Every Linux tutorial I've ever read tells you about a command. None of them
hand you a real, broken box and say "fix it." So I built one that does:
tmpfs.tech — hands-on Linux & open-source challenges
that run on a live, throwaway VM you actually control, right in your browser.
How it works
- Pick a challenge → you get a real Linux session in an in-browser terminal.
- The task is a genuine scenario, not a quiz: repair broken nginx, write an nftables ruleset, debug a failing systemd unit, fix a storage mount, eradicate cron-based persistence after a breach.
- The VM is ephemeral — spun up just for you, torn down when you finish.
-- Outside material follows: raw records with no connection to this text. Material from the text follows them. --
(* Let $n\ge3$ and let $(S^n,g_0)$ be the round unit sphere $S^n\subset\mathbb{R}^{n+1}$, with $x^0,\dots,x^n$ the restrictions of the standard coordinates of $\mathbb{R}^{n+1}$. Then for all $u\in C^\infty(S^n)$, \[ \sum_{i=0}^n x^i\bigl(L_{\sigma_2}(x^iu,u,u) - x^iL_{\sigma_2}(u,u,u)\bigr) = \frac{n-1}{3}\,u\,\sigma_1(u), \] where $\sigma_1(u) := -\frac{n-4}{8}\Delta u^2 - |\nabla u|^2 + \frac n2\bigl(\frac{n-4}{4}\bigr)^2u^2$.
   Context: All geometric quantities are taken with respect to $g_0$: $\nabla$ gradient, $\delta$ divergence, $d$ exterior derivative, $\Delta=\delta d$ the (nonpositive) Laplacian. $L_{\sigma_2}$ is the symmetric trilinear differential operator (the polarization) whose diagonal is \[ L_{\sigma_2}(u,u,u) = \tfrac12\delta\bigl(|\nabla u|^2du\bigr) - \tfrac{n-4}{16}\bigl(u\Delta|\nabla u|^2 - \delta((\Delta u^2)du)\bigr) - \tfrac{n-1}{4}\bigl(\tfrac{n-4}{4}\bigr)^2 u\Delta u^2 + \tfrac{n(n-1)}{8}\bigl(\tfrac{n-4}{4}\bigr)^3u^3, \] i.e. $L_{\sigma_2}(u_1,u_2,u_3)$ is trilinear, symmetric in its three arguments, and agrees with the displayed expression when $u_1=u_2=u_3=u$. *)

theory Defs
  imports "HOL-Analysis.Analysis"
begin

text \<open>Concrete model of the round unit sphere S^n inside a Euclidean space 'a of
dimension n+1.  A function on S^n is represented by a function on 'a of which only
the values on the unit sphere matter.  Every geometric operator first extends its
argument 0-homogeneously off the sphere and then applies Euclidean calculus; at
points of the sphere this yields exactly the intrinsic operators of g_0.\<close>

definition hext :: "('a::real_normed_vector \<Rightarrow> 'b) \<Rightarrow> 'a \<Rightarrow> 'b" where
  "hext f y = f (scaleR (1 / norm y) y)"

definition dirderiv :: "'a::real_normed_vector \<Rightarrow> ('a \<Rightarrow> 'b::real_normed_vector) \<Rightarrow> 'a \<Rightarrow> 'b" where
  "dirderiv v f x = frechet_derivative f (at x) v"

definition smooth_on :: "'a::euclidean_space set \<Rightarrow> ('a \<Rightarrow> 'b::real_normed_vector) \<Rightarrow> bool" where
  "smooth_on S f \<longleftrightarrow> (\<forall>bs. set bs \<subseteq> Basis \<longrightarrow> (foldr dirderiv bs f) differentiable_on S)"

definition smooth_sphere_fun :: "('a::euclidean_space \<Rightarrow> real) \<Rightarrow> bool" where
  "smooth_sphere_fun u \<longleftrightarrow> smooth_on (UNIV - {0}) (hext u)"

definition sgrad :: "('a::euclidean_space \<Rightarrow> real) \<Rightarrow> 'a \<Rightarrow> 'a" where
  "sgrad f x = (\<Sum>b\<in>Basis. frechet_derivative (hext f) (at x) b *\<^sub>R b)"

text \<open>Divergence with respect to g_0 of a tangent vector field (1-forms are
identified with vector fields via g_0); delta = div, so Delta = delta d = div grad.\<close>
definition sdiv :: "('a::euclidean_space \<Rightarrow> 'a) \<Rightarrow> 'a \<Rightarrow> real" where
  "sdiv V x = (\<Sum>b\<in>Basis. frechet_derivative (hext V) (at x) b \<bullet> b)"

definition slap :: "('a::euclidean_space \<Rightarrow> real) \<Rightarrow> 'a \<Rightarrow> real" where
  "slap f = sdiv (sgrad f)"

definition Lsig2_diag :: "real \<Rightarrow> ('a::euclidean_space \<Rightarrow> real) \<Rightarrow> 'a \<Rightarrow> real" where
  "Lsig2_diag n u x =
     1/2 * sdiv (\<lambda>y. (norm (sgrad u y))\<^sup>2 *\<^sub>R sgrad u y) x
   - (n - 4) / 16 * (u x * slap (\<lambda>y. (norm (sgrad u y))\<^sup>2) x
                     - sdiv (\<lambda>y. slap (\<lambda>z. (u z)\<^sup>2) y *\<^sub>R sgrad u y) x)
   - (n - 1) / 4 * ((n - 4) / 4)\<^sup>2 * u x * slap (\<lambda>y. (u y)\<^sup>2) x
   + n * (n - 1) / 8 * ((n - 4) / 4) ^ 3 * (u x) ^ 3"

definition Lsig2 :: "real \<Rightarrow> ('a::euclidean_space \<Rightarrow> real) \<Rightarrow> ('a \<Rightarrow> real) \<Rightarrow> ('a \<Rightarrow> real) \<Rightarrow> 'a \<Rightarrow> real" where
  "Lsig2 n u1 u2 u3 x =
     (Lsig2_diag n (\<lambda>y. u1 y + u2 y + u3 y) x
      - Lsig2_diag n (\<lambda>y. u1 y + u2 y) x
      - Lsig2_diag n (\<lambda>y. u1 y + u3 y) x
      - Lsig2_diag n (\<lambda>y. u2 y + u3 y) x
      + Lsig2_diag n u1 x + Lsig2_diag n u2 x + Lsig2_diag n u3 x) / 6"

definition sigma1 :: "real \<Rightarrow> ('a::euclidean_space \<Rightarrow> real) \<Rightarrow> 'a \<Rightarrow> real" where
  "sigma1 n u x = - (n - 4) / 8 * slap (\<lambda>y. (u y)\<^sup>2) x - (norm (sgrad u x))\<^sup>2
                  + n / 2 * ((n - 4) / 4)\<^sup>2 * (u x)\<^sup>2"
Nothing touches your own machine.
- Your work is graded automatically against the actual system state, so a pass means you really fixed it.
What's in it
720 challenges across 16 tracks — General Linux, Networking, Firewall, systemd,
Security & TLS, Web & Deploy, Bash & Scripting, Text Processing, Storage & Disk,
Kubernetes — plus two wargame tracks:
- Offensive Lab — local privilege-escalation CTF (capture a root-only flag via SUID/sudo/passwd misconfigs).
-
Defense & IR — evict rogue UID-0 accounts, kill systemd/cron persistence,
and attribute a breach straight from
auth.log.
A few things I'm proud of
- Zero signup to start. Guest play works the moment you land.
- Truly isolated. Each session is its own VM, auto-reaped on idle so nothing runs away.
- A skill ladder, not a syllabus. A Glicko-2 rating tracks your level and recommends the next challenge by difficulty gap — closer to a puzzle feed than a fixed course.
I'd genuinely love feedback on the challenge design — which tracks feel right,
what's missing, and what you'd want to learn-by-breaking next.